The full formula in one line

base = Σ (component_score × component_weight) / 10 cap = 100 − (F1 + F2 + F3) final = min(base, cap) # Optional later: × staleness_factor (dampens scores # from theses that haven't moved in > 12 months)

That's the entire model. No black box, no proprietary magic — just a weighted sum capped by fragility. The hover-breakdown on a Dragonfly signal card shows the three components that contributed the most to the final score, and any fragility penalty greater than zero.

How to read a real card

When you see a Dragonfly signal card, the layout from top to bottom is:

  1. Ticker + signal strength (HIGH / MED) — the entry-level conviction grade. Decided by the analyst at publish.
  2. Conviction score (0–100) badge — colored green (80+), amber (60–79), or muted (<60). Hover the badge to see the component breakdown.
  3. Sector + company name — for context and watchlist matching.
  4. Teaser sentence — the one-line "why now."
  5. Stop / target — suggested risk levels based on signal strength.
  6. Thesis paragraph (Investor+) — the actual analysis.
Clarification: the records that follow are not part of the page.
(* Let $\mathcal V$ be a finite vocabulary, $L\ge1$, $P$ a distribution on $\mathcal V^L$, and $Q_\theta$ an autoregressive model on $\mathcal V^L$ whose conditionals $Q_\theta(\cdot\mid\mathbf x_{<l})$ are strictly positive and differentiable in the parameter $\theta$. Let $\alpha\in(0,1)\cup(1,\infty)$. For $\mathbf x\in\mathcal V^L$ and $l\in\{1,\dots,L\}$ let $\widehat P^{x_l}_{<l}$ be the point mass at $x_l$ (the $\gamma$-proxy distribution with $\gamma=1$). Then for every $\theta$, $$\nabla_\theta\,\mathbb E_{\mathbf x\sim P}\Big[\sum_{l=1}^L D_\alpha\big(\widehat P^{x_l}_{<l}\,\Vert\, Q_\theta(\cdot\mid\mathbf x_{<l})\big)\Big]=\nabla_\theta \mathcal L^\alpha_{\mathrm{cDiv}}(\theta),$$ where $\mathcal L^\alpha_{\mathrm{cDiv}}(\theta)=-\mathbb E_{\mathbf x\sim P}\big[\sum_{l=1}^L \bar Q_\theta(x_l\mid\mathbf x_{<l})^{1-\alpha}\log Q_\theta(x_l\mid\mathbf x_{<l})\big]$ and $\bar Q_\theta$ denotes $Q_\theta$ treated as a constant with respect to $\theta$ when differentiating (so $\nabla_\theta\mathcal L^\alpha_{\mathrm{cDiv}}(\theta)=-\mathbb E_{\mathbf x\sim P}[\sum_l Q_\theta(x_l\mid\mathbf x_{<l})^{1-\alpha}\nabla_\theta\log Q_\theta(x_l\mid\mathbf x_{<l})]$). That is, minimizing these conditional $\alpha$-divergences is equivalent (in the sense of identical gradients) to minimizing $\mathcal L^\alpha_{\mathrm{cDiv}}$.
   Context: The (Tsallis) $\alpha$-divergence between distributions $p,q$ on a finite set is $D_\alpha(p\Vert q)=\frac{1}{\alpha-1}\big(\sum_{x}p(x)^\alpha q(x)^{1-\alpha}-1\big)$, with the convention $0^\alpha=0$. For $\gamma\in[0,1]$, the $\gamma$-proxy of the conditional target at position $l$ given an observed token $x_l$ is $\widehat P^{x_l}_{<l}(\cdot)=\gamma\,\mathbf 1_{\{x_l=\cdot\}}+(1-\gamma)Q_\theta(\cdot\mid\mathbf x_{<l})$. *)

theory Defs
  imports "HOL-Analysis.Analysis"
begin

text \<open>Tsallis alpha-divergence on a finite type; 0 powr a = 0 gives the convention 0^alpha = 0.\<close>
definition tsallis_div :: "real \<Rightarrow> ('v::finite \<Rightarrow> real) \<Rightarrow> ('v \<Rightarrow> real) \<Rightarrow> real" where
  "tsallis_div \<alpha> p q = ((\<Sum>x\<in>UNIV. p x powr \<alpha> * q x powr (1 - \<alpha>)) - 1) / (\<alpha> - 1)"

definition gamma_proxy :: "real \<Rightarrow> 'v \<Rightarrow> ('v \<Rightarrow> real) \<Rightarrow> ('v \<Rightarrow> real)" where
  "gamma_proxy \<gamma> xl Qc = (\<lambda>v. \<gamma> * (if xl = v then 1 else 0) + (1 - \<gamma>) * Qc v)"

definition seq_expect :: "nat \<Rightarrow> ('v list \<Rightarrow> real) \<Rightarrow> ('v list \<Rightarrow> real) \<Rightarrow> real" where
  "seq_expect L P f = (\<Sum>xs\<in>{xs. length xs = L}. P xs * f xs)"

text \<open>Objective: expected sum of conditional alpha-divergences to the gamma-proxy.
  Positions l = 0..L-1 (0-indexed): x_l = xs!l, prefix x_{<l} = take l xs.\<close>
definition cond_div_obj ::
  "real \<Rightarrow> real \<Rightarrow> nat \<Rightarrow> ('v::finite list \<Rightarrow> real) \<Rightarrow> ('p \<Rightarrow> 'v list \<Rightarrow> 'v \<Rightarrow> real) \<Rightarrow> 'p \<Rightarrow> real" where
  "cond_div_obj \<gamma> \<alpha> L P Q \<theta> = seq_expect L P (\<lambda>xs. \<Sum>l<L.
      tsallis_div \<alpha> (gamma_proxy \<gamma> (xs ! l) (Q \<theta> (take l xs))) (Q \<theta> (take l xs)))"

text \<open>L_cDiv with the stop-gradient factor: \<theta>0 is the frozen parameter (Q-bar),
  \<theta> the differentiated one.\<close>
definition L_cDiv ::
  "real \<Rightarrow> nat \<Rightarrow> ('v list \<Rightarrow> real) \<Rightarrow> ('p \<Rightarrow> 'v list \<Rightarrow> 'v \<Rightarrow> real) \<Rightarrow> 'p \<Rightarrow> 'p \<Rightarrow> real" where
  "L_cDiv \<alpha> L P Q \<theta>0 \<theta> = - seq_expect L P (\<lambda>xs. \<Sum>l<L.
      Q \<theta>0 (take l xs) (xs ! l) powr (1 - \<alpha>) * ln (Q \<theta> (take l xs) (xs ! l)))"

end

theory Submission
  imports Defs
begin

text \<open>For \<gamma> = 1 the proxy is the point mass at the observed token, so the conditional
  divergence collapses to (q powr (1 - \<alpha>) - 1) / (\<alpha> - 1), where q is the model probability
  of that token. Its gradient -q powr (-\<alpha>) \<nabla>q = -q powr (1 - \<alpha>) \<nabla> ln q is the gradient of
  -q powr (1 - \<alpha>) ln q with the prefactor frozen at the current parameter; linearity of the
  expectation and of the sum over positions does the rest. Hence only positivity and
  differentiability of the conditionals matter; the weights P need not form a distribution.\<close>

lemma tsallis_div_point_mass:
  fixes q :: "'v::finite \<Rightarrow> real"
  shows "tsallis_div \<alpha> (gamma_proxy 1 x q) q = (q x powr (1 - \<alpha>) - 1) / (\<alpha> - 1)"
proof -
  have "(\<lambda>v. gamma_proxy 1 x q v powr \<alpha> * q v powr (1 - \<alpha>))
      = (\<lambda>v. if v = x then q x powr (1 - \<alpha>) else 0)"
    by (auto simp: fun_eq_iff gamma_proxy_def)
  then show ?thesis
    unfolding tsallis_div_def by (simp only:) simp
qed

lemma has_derivative_point_mass_divergence:
  fixes f :: "'a::real_normed_vector \<Rightarrow> real"
  assumes f: "(f has_derivative f') (at t within X)" and pos: "0 < f t" and "\<alpha> \<noteq> 1"
  shows "((\<lambda>s. (f s powr (1 - \<alpha>) - 1) / (\<alpha> - 1))
          has_derivative (\<lambda>h. - (f t powr (1 - \<alpha>) * (f' h / f t)))) (at t within X)"
proof -
  have slope: "(1 - \<alpha>) * f t powr (1 - \<alpha> - 1) / (\<alpha> - 1) = - (f t powr (1 - \<alpha>) / f t)"
  proof -
    have "f t powr (1 - \<alpha> - 1) = f t powr (1 - \<alpha>) / f t"
      unfolding powr_diff[of "f t" "1 - \<alpha>" 1] using pos by simp
    then show ?thesis
      using pos \<open>\<alpha> \<noteq> 1\<close> by (simp add: divide_simps) (simp add: algebra_simps)
  qed
  have "DERIV (\<lambda>r. (r powr (1 - \<alpha>) - 1) / (\<alpha> - 1)) (f t) :> - (f t powr (1 - \<alpha>) / f t)"
    unfolding slope[symmetric] using pos \<open>\<alpha> \<noteq> 1\<close> by (auto intro!: derivative_eq_intros)
  from DERIV_compose_FDERIV[OF this f] show ?thesis
    by (simp add: mult.commute)
qed

lemma has_derivative_seq_expect:
  assumes "\<And>xs. length xs = L \<Longrightarrow> ((\<lambda>s. f s xs) has_derivative f' xs) F"
  shows "((\<lambda>s. seq_expect L P (f s)) has_derivative (\<lambda>h. seq_expect L P (\<lambda>xs. f' xs h))) F"
  unfolding seq_expect_def using assms by (auto intro!: derivative_eq_intros)

lemma cond_div_obj_point_mass:
  "cond_div_obj 1 \<alpha> L P Q \<theta>
    = seq_expect L P (\<lambda>xs. \<Sum>l<L. (Q \<theta> (take l xs) (xs ! l) powr (1 - \<alpha>) - 1) / (\<alpha> - 1))"
  by (simp add: cond_div_obj_def tsallis_div_point_mass)

lemma L_cDiv_eq_seq_expect:
  "L_cDiv \<alpha> L P Q \<theta>0 \<theta>
    = seq_expect L P (\<lambda>xs. \<Sum>l<L. - (Q \<theta>0 (take l xs) (xs ! l) powr (1 - \<alpha>) * ln (Q \<theta> (take l xs) (xs ! l))))"
  by (simp add: L_cDiv_def seq_expect_def sum_negf)

theorem theorem5p4:
  fixes L :: nat and \<alpha> :: real
    and P :: "'v::finite list \<Rightarrow> real"
    and Q :: "'p::euclidean_space \<Rightarrow> 'v list \<Rightarrow> 'v \<Rightarrow> real"
    and \<theta> :: 'p
  assumes L_pos: "L \<ge> 1"
    and P_nonneg: "\<And>xs. length xs = L \<Longrightarrow> P xs \<ge> 0"
    and P_sum: "(\<Sum>xs\<in>{xs. length xs = L}. P xs) = 1"
    and Q_pos: "\<And>t xs v. length xs < L \<Longrightarrow> Q t xs v > 0"
    and Q_sum: "\<And>t xs. length xs < L \<Longrightarrow> (\<Sum>v\<in>UNIV. Q t xs v) = 1"
    and Q_diff: "\<And>t xs v. length xs < L \<Longrightarrow> (\<lambda>s. Q s xs v) differentiable (at t)"
    and alpha: "\<alpha> > 0" "\<alpha> \<noteq> 1"
  shows "\<exists>D. (cond_div_obj 1 \<alpha> L P Q has_derivative D) (at \<theta>)
           \<and> (L_cDiv \<alpha> L P Q \<theta> has_derivative D) (at \<theta>)"
proof -
  obtain F where F: "\<And>ys v. length ys < L \<Longrightarrow> ((\<lambda>s. Q s ys v) has_derivative F ys v) (at \<theta>)"
    using Q_diff[where t = \<theta>] unfolding differentiable_def by metis
  define D where "D = (\<lambda>h. seq_expect L P (\<lambda>xs. \<Sum>l<L.
    - (Q \<theta> (take l xs) (xs ! l) powr (1 - \<alpha>) * (F (take l xs) (xs ! l) h / Q \<theta> (take l xs) (xs ! l)))))"
  have "(cond_div_obj 1 \<alpha> L P Q has_derivative D) (at \<theta>)"
    unfolding cond_div_obj_point_mass[abs_def] D_def
    by (intro has_derivative_seq_expect has_derivative_sum has_derivative_point_mass_divergence
        F Q_pos alpha(2)) auto
  moreover have "(L_cDiv \<alpha> L P Q \<theta> has_derivative D) (at \<theta>)"
    unfolding L_cDiv_eq_seq_expect[abs_def] D_def
    by (intro has_derivative_seq_expect has_derivative_sum has_derivative_minus has_derivative_mult_right
        has_derivative_ln[OF Q_pos F, THEN has_derivative_eq_rhs]) (auto simp: divide_inverse)
  ultimately show ?thesis by blast
qed

end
What the convergent catalysts are; why we waited for them; what would break the thesis.
  7. Recommended strategy + rationale (Investor+) — the spotter's call on how to play it (full size at entry, scale in on pullbacks, defensive sizing only in CHOPPY regime, etc.).

The conviction score is the headline; the breakdown is the explanation; the thesis is the substance; the strategy is the recommended play. Use them as a stack: conviction tells you whether to look, thesis tells you whether to believe, strategy tells you how to execute. None of them are an instruction. All of them are a lens.

Reading the score bands

80 — 100
High conviction
Multiple components scoring 8+, no large fragility penalty. These are rare. Worth a serious look.
60 — 79
Medium conviction
Real thesis with some component(s) under-developed, OR a fragility penalty pulling a stronger thesis down. Read the breakdown.
0 — 59
Watch only
Worth tracking on a watchlist but not yet a publish-worthy thesis. Usually published only to document the convergence we're waiting for.

The Beta caveat — taken seriously

The model is rule-defined and the weights are tuned. What we don't know yet is how well the calibration holds in live signed-and-anchored data. Backtested calibration on historical data has the standard hindsight problem — the analyst writing the historical scores knows how the thesis turned out, even if they try to bracket it out. The only honest calibration is forward, signed at publish, on theses we haven't seen the outcome of yet.

That's why we anchor every published signal cryptographically (see the live track record) and why the conviction-score section on the homepage is the only thing labelled Beta. Once we've accumulated ~3 months of live signed data, we can evaluate whether the model's bands (high/med/low) actually map to subsequent outcome distributions. If they do, Beta comes off. If they don't, the weights get re-tuned in public.